> [Problem to solve]: Write out the stretch of lines below that begins at the line with "E = \<lparr>" and ends at the line with "(free_gen K) q))", including both, exactly as given and nothing more.
Material shown START
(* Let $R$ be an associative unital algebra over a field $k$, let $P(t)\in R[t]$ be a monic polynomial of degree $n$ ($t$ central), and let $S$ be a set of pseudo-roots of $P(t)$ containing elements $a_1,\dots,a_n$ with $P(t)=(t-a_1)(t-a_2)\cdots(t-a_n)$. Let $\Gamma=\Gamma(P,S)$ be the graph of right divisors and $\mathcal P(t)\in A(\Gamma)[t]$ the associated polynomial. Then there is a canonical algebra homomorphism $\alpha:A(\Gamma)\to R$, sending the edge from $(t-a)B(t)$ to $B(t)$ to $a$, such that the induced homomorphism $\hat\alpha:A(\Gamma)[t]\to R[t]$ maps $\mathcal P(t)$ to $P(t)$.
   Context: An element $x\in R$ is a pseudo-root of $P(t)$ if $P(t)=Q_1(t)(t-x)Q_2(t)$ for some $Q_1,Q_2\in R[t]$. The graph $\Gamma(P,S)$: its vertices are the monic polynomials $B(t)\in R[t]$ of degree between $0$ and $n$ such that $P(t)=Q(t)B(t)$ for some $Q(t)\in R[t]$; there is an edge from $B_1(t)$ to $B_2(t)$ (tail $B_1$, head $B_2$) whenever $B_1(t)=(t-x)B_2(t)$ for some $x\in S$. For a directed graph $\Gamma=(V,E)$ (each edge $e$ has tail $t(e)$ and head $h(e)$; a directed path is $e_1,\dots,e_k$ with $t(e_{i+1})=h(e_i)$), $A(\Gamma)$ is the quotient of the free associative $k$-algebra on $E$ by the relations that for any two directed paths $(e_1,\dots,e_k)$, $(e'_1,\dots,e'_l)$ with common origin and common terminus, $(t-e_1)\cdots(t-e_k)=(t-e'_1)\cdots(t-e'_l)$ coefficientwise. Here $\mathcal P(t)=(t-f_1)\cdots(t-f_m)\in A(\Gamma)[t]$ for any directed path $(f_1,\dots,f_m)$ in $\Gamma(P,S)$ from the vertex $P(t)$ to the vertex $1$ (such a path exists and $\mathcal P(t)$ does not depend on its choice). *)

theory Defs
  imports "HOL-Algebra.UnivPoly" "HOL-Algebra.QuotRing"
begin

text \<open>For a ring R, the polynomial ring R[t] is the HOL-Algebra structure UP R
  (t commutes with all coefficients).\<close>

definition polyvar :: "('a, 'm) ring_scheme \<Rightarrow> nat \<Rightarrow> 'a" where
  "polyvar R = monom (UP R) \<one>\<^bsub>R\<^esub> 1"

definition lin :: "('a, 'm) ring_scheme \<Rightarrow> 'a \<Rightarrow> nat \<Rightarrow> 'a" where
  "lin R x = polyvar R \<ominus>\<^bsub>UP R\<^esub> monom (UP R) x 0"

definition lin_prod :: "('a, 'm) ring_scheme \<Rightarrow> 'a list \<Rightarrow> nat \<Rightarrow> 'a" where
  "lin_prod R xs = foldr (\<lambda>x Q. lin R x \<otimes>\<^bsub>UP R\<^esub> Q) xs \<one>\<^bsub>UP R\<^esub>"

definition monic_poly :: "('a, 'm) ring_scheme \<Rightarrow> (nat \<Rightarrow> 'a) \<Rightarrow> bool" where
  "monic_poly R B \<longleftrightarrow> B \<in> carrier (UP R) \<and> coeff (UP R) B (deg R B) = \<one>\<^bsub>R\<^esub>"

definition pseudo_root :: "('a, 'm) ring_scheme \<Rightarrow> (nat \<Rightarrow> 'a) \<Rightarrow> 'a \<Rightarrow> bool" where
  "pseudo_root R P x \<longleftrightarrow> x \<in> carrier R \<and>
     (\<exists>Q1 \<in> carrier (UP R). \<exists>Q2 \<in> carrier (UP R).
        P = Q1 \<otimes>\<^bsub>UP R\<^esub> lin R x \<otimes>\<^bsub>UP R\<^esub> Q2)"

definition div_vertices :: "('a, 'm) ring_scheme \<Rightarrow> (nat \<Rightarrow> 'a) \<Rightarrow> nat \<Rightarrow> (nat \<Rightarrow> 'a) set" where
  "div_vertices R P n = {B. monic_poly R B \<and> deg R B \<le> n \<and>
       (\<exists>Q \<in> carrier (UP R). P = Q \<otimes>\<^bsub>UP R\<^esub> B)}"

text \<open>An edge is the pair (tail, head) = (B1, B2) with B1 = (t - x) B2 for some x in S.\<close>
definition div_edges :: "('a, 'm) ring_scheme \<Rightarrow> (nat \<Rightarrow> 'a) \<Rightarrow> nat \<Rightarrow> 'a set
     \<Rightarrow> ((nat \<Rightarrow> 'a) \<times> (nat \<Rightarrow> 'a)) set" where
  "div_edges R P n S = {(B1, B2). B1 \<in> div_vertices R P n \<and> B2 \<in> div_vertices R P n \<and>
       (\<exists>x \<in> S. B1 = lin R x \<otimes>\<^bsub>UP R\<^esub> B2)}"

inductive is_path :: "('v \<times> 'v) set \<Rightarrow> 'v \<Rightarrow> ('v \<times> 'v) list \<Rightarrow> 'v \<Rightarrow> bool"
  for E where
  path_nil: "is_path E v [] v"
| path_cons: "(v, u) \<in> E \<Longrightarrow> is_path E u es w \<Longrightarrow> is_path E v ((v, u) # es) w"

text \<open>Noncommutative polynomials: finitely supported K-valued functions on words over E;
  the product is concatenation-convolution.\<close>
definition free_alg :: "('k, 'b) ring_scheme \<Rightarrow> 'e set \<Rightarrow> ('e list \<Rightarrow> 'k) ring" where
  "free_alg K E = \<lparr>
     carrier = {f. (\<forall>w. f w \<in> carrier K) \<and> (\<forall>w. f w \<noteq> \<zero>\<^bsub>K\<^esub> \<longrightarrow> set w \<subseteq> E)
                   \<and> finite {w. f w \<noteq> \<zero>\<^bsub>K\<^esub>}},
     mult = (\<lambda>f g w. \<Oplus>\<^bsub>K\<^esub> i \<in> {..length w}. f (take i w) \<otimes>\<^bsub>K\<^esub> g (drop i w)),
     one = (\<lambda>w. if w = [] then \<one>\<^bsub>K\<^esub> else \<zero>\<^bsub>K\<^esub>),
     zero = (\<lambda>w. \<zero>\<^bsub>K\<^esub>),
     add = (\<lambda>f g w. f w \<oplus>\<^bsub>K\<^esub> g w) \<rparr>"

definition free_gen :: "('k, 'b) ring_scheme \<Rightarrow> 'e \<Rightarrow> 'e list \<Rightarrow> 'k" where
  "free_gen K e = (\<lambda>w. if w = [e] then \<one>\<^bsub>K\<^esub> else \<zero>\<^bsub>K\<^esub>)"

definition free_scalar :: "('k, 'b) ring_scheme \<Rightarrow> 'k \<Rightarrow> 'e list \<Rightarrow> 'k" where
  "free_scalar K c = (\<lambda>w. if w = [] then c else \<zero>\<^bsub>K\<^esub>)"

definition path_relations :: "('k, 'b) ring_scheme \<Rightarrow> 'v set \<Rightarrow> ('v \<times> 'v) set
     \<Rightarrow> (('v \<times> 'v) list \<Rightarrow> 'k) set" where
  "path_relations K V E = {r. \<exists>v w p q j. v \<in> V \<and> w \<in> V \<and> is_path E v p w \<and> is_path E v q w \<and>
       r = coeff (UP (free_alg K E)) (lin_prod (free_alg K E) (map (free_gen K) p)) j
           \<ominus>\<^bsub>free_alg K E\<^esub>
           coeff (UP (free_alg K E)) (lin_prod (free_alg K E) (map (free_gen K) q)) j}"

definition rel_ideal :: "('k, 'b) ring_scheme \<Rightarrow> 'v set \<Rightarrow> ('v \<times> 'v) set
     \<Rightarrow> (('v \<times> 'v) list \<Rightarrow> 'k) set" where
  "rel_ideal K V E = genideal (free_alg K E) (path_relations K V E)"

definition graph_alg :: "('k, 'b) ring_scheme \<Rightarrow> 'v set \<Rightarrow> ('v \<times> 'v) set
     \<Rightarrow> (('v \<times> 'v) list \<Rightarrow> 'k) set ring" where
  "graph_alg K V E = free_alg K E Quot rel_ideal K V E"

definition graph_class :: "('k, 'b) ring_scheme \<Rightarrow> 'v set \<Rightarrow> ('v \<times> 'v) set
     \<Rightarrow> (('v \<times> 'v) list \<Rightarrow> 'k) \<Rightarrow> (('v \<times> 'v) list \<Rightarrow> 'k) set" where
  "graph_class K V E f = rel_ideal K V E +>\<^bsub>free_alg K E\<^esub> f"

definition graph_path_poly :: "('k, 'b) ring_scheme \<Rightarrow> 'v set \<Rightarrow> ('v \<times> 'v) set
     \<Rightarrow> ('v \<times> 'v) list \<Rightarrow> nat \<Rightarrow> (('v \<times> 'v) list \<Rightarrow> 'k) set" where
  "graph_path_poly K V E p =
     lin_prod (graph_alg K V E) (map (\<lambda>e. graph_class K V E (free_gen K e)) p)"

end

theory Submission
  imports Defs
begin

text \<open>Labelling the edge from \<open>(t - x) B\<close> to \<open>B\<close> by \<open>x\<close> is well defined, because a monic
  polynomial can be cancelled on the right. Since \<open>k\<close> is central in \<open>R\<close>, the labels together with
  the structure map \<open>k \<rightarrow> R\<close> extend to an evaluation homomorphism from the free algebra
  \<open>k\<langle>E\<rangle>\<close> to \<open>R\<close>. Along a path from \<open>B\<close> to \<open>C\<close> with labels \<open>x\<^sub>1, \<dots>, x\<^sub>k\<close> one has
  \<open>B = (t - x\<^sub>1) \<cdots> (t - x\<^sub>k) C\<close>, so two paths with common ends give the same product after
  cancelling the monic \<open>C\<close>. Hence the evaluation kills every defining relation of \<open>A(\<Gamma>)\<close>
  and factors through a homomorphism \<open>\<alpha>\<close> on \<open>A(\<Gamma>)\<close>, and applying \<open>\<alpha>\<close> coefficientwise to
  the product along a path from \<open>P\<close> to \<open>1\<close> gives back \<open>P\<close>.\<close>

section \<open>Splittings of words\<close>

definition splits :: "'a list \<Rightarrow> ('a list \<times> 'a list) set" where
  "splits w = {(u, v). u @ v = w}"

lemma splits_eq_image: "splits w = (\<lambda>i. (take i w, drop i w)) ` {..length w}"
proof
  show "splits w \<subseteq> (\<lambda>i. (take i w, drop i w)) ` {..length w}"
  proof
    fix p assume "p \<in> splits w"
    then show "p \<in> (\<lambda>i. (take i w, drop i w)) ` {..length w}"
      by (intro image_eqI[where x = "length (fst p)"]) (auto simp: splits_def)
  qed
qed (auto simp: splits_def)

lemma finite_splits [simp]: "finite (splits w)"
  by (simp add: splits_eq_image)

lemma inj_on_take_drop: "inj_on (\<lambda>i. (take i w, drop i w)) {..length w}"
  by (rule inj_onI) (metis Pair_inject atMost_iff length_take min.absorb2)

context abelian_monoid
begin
Material shown END
> [Response box]:
  "free_alg K E = \<lparr>
     carrier = {f. (\<forall>w. f w \<in> carrier K) \<and> (\<forall>w. f w \<noteq> \<zero>\<^bsub>K\<^esub> \<longrightarrow> set w \<subseteq> E)
                   \<and> finite {w. f w \<noteq> \<zero>\<^bsub>K\<^esub>}},
     mult = (\<lambda>f g w. \<Oplus>\<^bsub>K\<^esub> i \<in> {..length w}. f (take i w) \<otimes>\<^bsub>K\<^esub> g (drop i w)),
     one = (\<lambda>w. if w = [] then \<one>\<^bsub>K\<^esub> else \<zero>\<^bsub>K\<^esub>),
     zero = (\<lambda>w. \<zero>\<^bsub>K\<^esub>),
     add = (\<lambda>f g w. f w \<oplus>\<^bsub>K\<^esub> g w) \<rparr>"

definition free_gen :: "('k, 'b) ring_scheme \<Rightarrow> 'e \<Rightarrow> 'e list \<Rightarrow> 'k" where
  "free_gen K e = (\<lambda>w. if w = [e] then \<one>\<^bsub>K\<^esub> else \<zero>\<^bsub>K\<^esub>)"

definition free_scalar :: "('k, 'b) ring_scheme \<Rightarrow> 'k \<Rightarrow> 'e list \<Rightarrow> 'k" where
  "free_scalar K c = (\<lambda>w. if w = [] then c else \<zero>\<^bsub>K\<^esub>)"

definition path_relations :: "('k, 'b) ring_scheme \<Rightarrow> 'v set \<Rightarrow> ('v \<times> 'v) set
     \<Rightarrow> (('v \<times> 'v) list \<Rightarrow> 'k) set" where
  "path_relations K V E = {r. \<exists>v w p q j. v \<in> V \<and> w \<in> V \<and> is_path E v p w \<and> is_path E v q w \<and>
       r = coeff (UP (free_alg K E)) (lin_prod (free_alg K E) (map (free_gen K) p)) j
           \<ominus>\<^bsub>free_alg K E\<^esub>
           coeff (UP (free_alg K E)) (lin_prod (free_alg K E) (map (free_gen K) q)) j}"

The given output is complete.